● **About this task**:
Lines in the records below that contain the word "irreflexive" must each be copied.

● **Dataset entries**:
lemma automorphism_induced_on_copy:
  assumes f: "f \<in> automorphisms V F" and h: "inj h" and hW: "h ` W \<subseteq> V"
    and fW: "f ` h ` W = h ` W"
    and edges: "\<And>u v. u \<in> W \<Longrightarrow> v \<in> W \<Longrightarrow> E u v \<longleftrightarrow> F (h u) (h v)"
  shows "\<exists>\<sigma>\<in>automorphisms W E. \<forall>x\<in>W. f (h x) = h (\<sigma> x)"
proof -
  define \<sigma> where "\<sigma> x = (if x \<in> W then the_inv h (f (h x)) else x)" for x
  have \<sigma>: "f (h x) = h (\<sigma> x)" "\<sigma> x \<in> W" if "x \<in> W" for x
  proof -
    have "f (h x) \<in> h ` W" using fW that by (metis imageI)
    then obtain y where "y \<in> W" "f (h x) = h y" by blast
    then show "f (h x) = h (\<sigma> x)" "\<sigma> x \<in> W" using that h by (simp_all add: \<sigma>_def the_inv_f_f)
  qed
  have inj_f: "inj_on f V" and eF: "\<forall>u\<in>V. \<forall>v\<in>V. F u v \<longleftrightarrow> F (f u) (f v)"
    using f by (auto simp: automorphisms_def bij_betw_def)
  have "inj_on \<sigma> W"
  proof (rule inj_onI)
    fix x y assume "x \<in> W" "y \<in> W" "\<sigma> x = \<sigma> y"
    then have "f (h x) = f (h y)" using \<sigma>(1) by simp
    then show "x = y" using inj_f hW h \<open>x \<in> W\<close> \<open>y \<in> W\<close> by (meson image_subset_iff inj_onD injD)
  qed
  moreover have "\<sigma> ` W = W"
  proof
    show "\<sigma> ` W \<subseteq> W" using \<sigma>(2) by blast
    show "W \<subseteq> \<sigma> ` W"
    proof
      fix y assume "y \<in> W"
      then have "h y \<in> f ` h ` W" by (simp add: fW)
      then obtain x where "x \<in> W" "f (h x) = h y" by auto
      then show "y \<in> \<sigma> ` W" using \<sigma>(1) h by (metis image_eqI injD)
    qed
  qed
  moreover have "E u v \<longleftrightarrow> E (\<sigma> u) (\<sigma> v)" if "u \<in> W" "v \<in> W" for u v
  proof -
    have "E u v \<longleftrightarrow> F (f (h u)) (f (h v))" using that hW eF edges by blast
    then show ?thesis using that \<sigma> edges by simp
  qed
  moreover have "\<sigma> x = x" if "x \<notin> W" for x
    using that by (simp add: \<sigma>_def)
  ultimately have "\<sigma> \<in> automorphisms W E"
    unfolding automorphisms_def bij_betw_def by blast
  then show ?thesis using \<sigma>(1) by blast
qed

lemma bij_betw_map_sum:
  assumes "bij_betw f A A'" "bij_betw g B B'"
  shows "bij_betw (map_sum f g) (A <+> B) (A' <+> B')"
proof -
  have "inj_on (map_sum f g) (A <+> B)"
    using assms unfolding bij_betw_def inj_on_def by fastforce
  moreover have "map_sum f g ` (A <+> B) = f ` A <+> g ` B"
    by (simp add: Plus_def image_Un image_image)
  ultimately show ?thesis using assms by (simp add: bij_betw_def)
qed

lemma connected_graph_neighbour_exists:
  assumes "connected_graph V E" "x \<in> V" "y \<in> V" "x \<noteq> y"
  shows "\<exists>m. E x m"
proof -
  have "E\<^sup>*\<^sup>* x y" using assms by (auto simp: connected_graph_def)
  then show ?thesis using \<open>x \<noteq> y\<close> by (metis converse_rtranclpE)
qed

section \<open>Functigraphs of a constant function\<close>

locale constant_functigraph =
  fixes W :: "'v set" and E :: "'v \<Rightarrow> 'v \<Rightarrow> bool" and g :: "'v \<Rightarrow> 'v" and c :: 'v
  assumes connected: "connected_graph W E"
    and c_in_W: "c \<in> W"
    and nontrivial: "W \<noteq> {c}"
    and g_constant: "\<And>u. u \<in> W \<Longrightarrow> g u = c"
begin

abbreviation "FV \<equiv> functigraph_vertices W"
abbreviation "FE \<equiv> functigraph_edges W E g"

lemma finite_W: "finite W"
  and edges_in_W: "E u v \<Longrightarrow> u \<in> W \<and> v \<in> W"
  and irreflexive: "\<not> E u u"
  using connected by (auto simp: connected_graph_def simple_graph_def)

lemma card_W_pos: "0 < card W"
  using finite_W c_in_W by (auto simp: card_gt_0_iff)

lemma card_neighbourhood_hub: "card W + 1 \<le> card (neighbourhood FV FE (Inr c))"
proof -
  obtain v where "v \<in> W" "v \<noteq> c" using c_in_W nontrivial by blast
  then obtain m where m: "E c m"
    using connected_graph_neighbour_exists[OF connected c_in_W] by metis
  have "insert (Inr m) (Inl ` W) \<subseteq> neighbourhood FV FE (Inr c)"
    using m edges_in_W g_constant by (auto simp: neighbourhood_def functigraph_vertices_def)
  moreover have "finite (neighbourhood FV FE (Inr c))"
    using finite_W by (simp add: neighbourhood_def functigraph_vertices_def)
  ultimately have "card (insert (Inr m) (Inl ` W)) \<le> card (neighbourhood FV FE (Inr c))"
    by (intro card_mono)
  then show ?thesis using finite_W by (simp add: card_insert_if card_image image_iff)
qed

lemma card_neighbourhood_non_hub:
  assumes "v \<in> FV" "v \<noteq> Inr c"
  shows "card (neighbourhood FV FE v) \<le> card W"
proof (cases v)
  case (Inl x)
  with assms have x: "x \<in> W" by (auto simp: functigraph_vertices_def)
  have "neighbourhood FV FE v \<subseteq> insert (Inr c) (Inl ` (W - {x}))"
    using Inl x g_constant irreflexive by (auto simp: neighbourhood_def functigraph_vertices_def)
  then have "card (neighbourhood FV FE v) \<le> card (insert (Inr c) (Inl ` (W - {x})))"
    using finite_W by (intro card_mono) auto
  also have "\<dots> \<le> card W"
    using finite_W x card_W_pos by (simp add: card_insert_if card_image card_Diff_singleton)
  finally show ?thesis .
next
  case (Inr y)
  with assms have "neighbourhood FV FE v \<subseteq> Inr ` W"
    using g_constant by (auto simp: neighbourhood_def functigraph_vertices_def)
  then show ?thesis
    using finite_W card_mono[of "Inr ` W"] by (simp add: card_image)
qed

lemma automorphism_fixes_hub:
  assumes f: "f \<in> automorphisms FV FE"
  shows "f (Inr c) = Inr c"
proof (rule ccontr)
  assume "f (Inr c) \<noteq> Inr c"
  moreover have hub: "Inr c \<in> FV" using c_in_W by (simp add: functigraph_vertices_def)
  moreover from f hub have "f (Inr c) \<in> FV" by (auto simp: automorphisms_def bij_betw_def)
  ultimately have "card (neighbourhood FV FE (f (Inr c))) \<le> card W"
    by (intro card_neighbourhood_non_hub)
  then show False
    using card_neighbourhood_automorphism[OF f hub] card_neighbourhood_hub by simp
qed

lemma automorphism_escape_propagates:
  assumes f: "f \<in> automorphisms FV FE"
    and p: "p \<in> FV" and q: "q \<in> FV" and "FE p q" and "q \<noteq> Inr c"
    and fp: "f p \<in> Inr ` (W - {c})"
  shows "f q \<in> Inr ` (W - {c})"
proof -
  have inj: "inj_on f FV" and fq: "f q \<in> FV" and "FE (f p) (f q)"
    using f p q \<open>FE p q\<close> by (auto simp: automorphisms_def bij_betw_def)
  moreover have "f q \<noteq> Inr c"
    using automorphism_fixes_hub[OF f] inj q \<open>q \<noteq> Inr c\<close> c_in_W
    by (metis functigraph_vertices_def UnI2 imageI inj_onD)
  ultimately show ?thesis
    using fp g_constant by (cases "f q") (auto simp: functigraph_vertices_def)
qed

lemma automorphism_first_copy_into_first_copy:
  assumes f: "f \<in> automorphisms FV FE" and x: "x \<in> W"
  shows "f (Inl x) \<in> Inl ` W"
proof (rule ccontr)
  assume "f (Inl x) \<notin> Inl ` W"
  moreover have inj: "inj_on f FV" and "f (Inl x) \<in> FV"
    using f x by (auto simp: automorphisms_def bij_betw_def functigraph_vertices_def)
  moreover have "f (Inl x) \<noteq> Inr c"
    using automorphism_fixes_hub[OF f] inj x c_in_W
    by (metis functigraph_vertices_def UnI1 UnI2 imageI inj_onD sum.distinct(1))
  ultimately have "f (Inl x) \<in> Inr ` (W - {c})" by (auto simp: functigraph_vertices_def)
  have "f (Inl y) \<in> Inr ` (W - {c})" if "E\<^sup>*\<^sup>* x y" for y
    using that
  proof (induction rule: rtranclp_induct)
    case (step y z)
    then show ?case
      using automorphism_escape_propagates[OF f, of "Inl y" "Inl z"] edges_in_W
      by (auto simp: functigraph_vertices_def)
  qed fact
  then have "f ` Inl ` W \<subseteq> Inr ` (W - {c})"
    using connected x by (auto simp: connected_graph_def)
  moreover have "inj_on f (Inl ` W)"
    using inj by (rule inj_on_subset) (auto simp: functigraph_vertices_def)
  ultimately have "card W \<le> card (W - {c})"
    using card_mono[of "Inr ` (W - {c})" "f ` Inl ` W"] finite_W
    by (simp add: card_image inj_on_def)
  then show False
    using finite_W c_in_W card_W_pos by (simp add: card_Diff_singleton)
qed

lemma automorphism_image_first_copy:
  assumes f: "f \<in> automorphisms FV FE"
  shows "f ` Inl ` W = Inl ` W"
proof (rule endo_inj_surj)
  show "inj_on f (Inl ` W)"
    using f by (auto simp: automorphisms_def bij_betw_def functigraph_vertices_def
        intro: inj_on_subset)
qed (use finite_W automorphism_first_copy_into_first_copy[OF f] in auto)

lemma automorphism_image_second_copy:
  assumes f: "f \<in> automorphisms FV FE"
  shows "f ` Inr ` W = Inr ` W"
proof -
  have "bij_betw f FV FV" using f by (simp add: automorphisms_def)
  moreover have "bij_betw f (Inl ` W) (Inl ` W)"
    using calculation automorphism_image_first_copy[OF f]
    by (auto simp: bij_betw_def functigraph_vertices_def intro: inj_on_subset)
  ultimately have "bij_betw f (FV - Inl ` W) (FV - Inl ` W)"
    by (rule bij_betw_DiffI) (auto simp: functigraph_vertices_def)
  moreover have "FV - Inl ` W = Inr ` W" by (auto simp: functigraph_vertices_def)
  ultimately show ?thesis by (simp add: bij_betw_def)
qed

lemma automorphism_decomposition:
  assumes f: "f \<in> automorphisms FV FE"
  shows "\<exists>\<sigma>\<in>automorphisms W E. \<exists>\<tau>\<in>automorphisms W E. \<tau> c = c \<and>
    (\<forall>v\<in>FV. f v = map_sum \<sigma> \<tau> v)"
proof -
  obtain \<sigma> where \<sigma>: "\<sigma> \<in> automorphisms W E" "\<forall>x\<in>W. f (Inl x) = Inl (\<sigma> x)"
    using automorphism_induced_on_copy[OF f _ _ automorphism_image_first_copy[OF f]]
    by (auto simp: functigraph_vertices_def)
  obtain \<tau> where \<tau>: "\<tau> \<in> automorphisms W E" "\<forall>x\<in>W. f (Inr x) = Inr (\<tau> x)"
    using automorphism_induced_on_copy[OF f _ _ automorphism_image_second_copy[OF f]]
    by (auto simp: functigraph_vertices_def)
  have "\<tau> c = c" using \<tau>(2) automorphism_fixes_hub[OF f] c_in_W by auto
  moreover have "\<forall>v\<in>FV. f v = map_sum \<sigma> \<tau> v"
    using \<sigma>(2) \<tau>(2) by (auto simp: functigraph_vertices_def)
  ultimately show ?thesis using \<sigma>(1) \<tau>(1) by blast
qed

● **Response to the task**:
  and irreflexive: "\<not> E u u"
    using Inl x g_constant irreflexive by (auto simp: neighbourhood_def functigraph_vertices_def)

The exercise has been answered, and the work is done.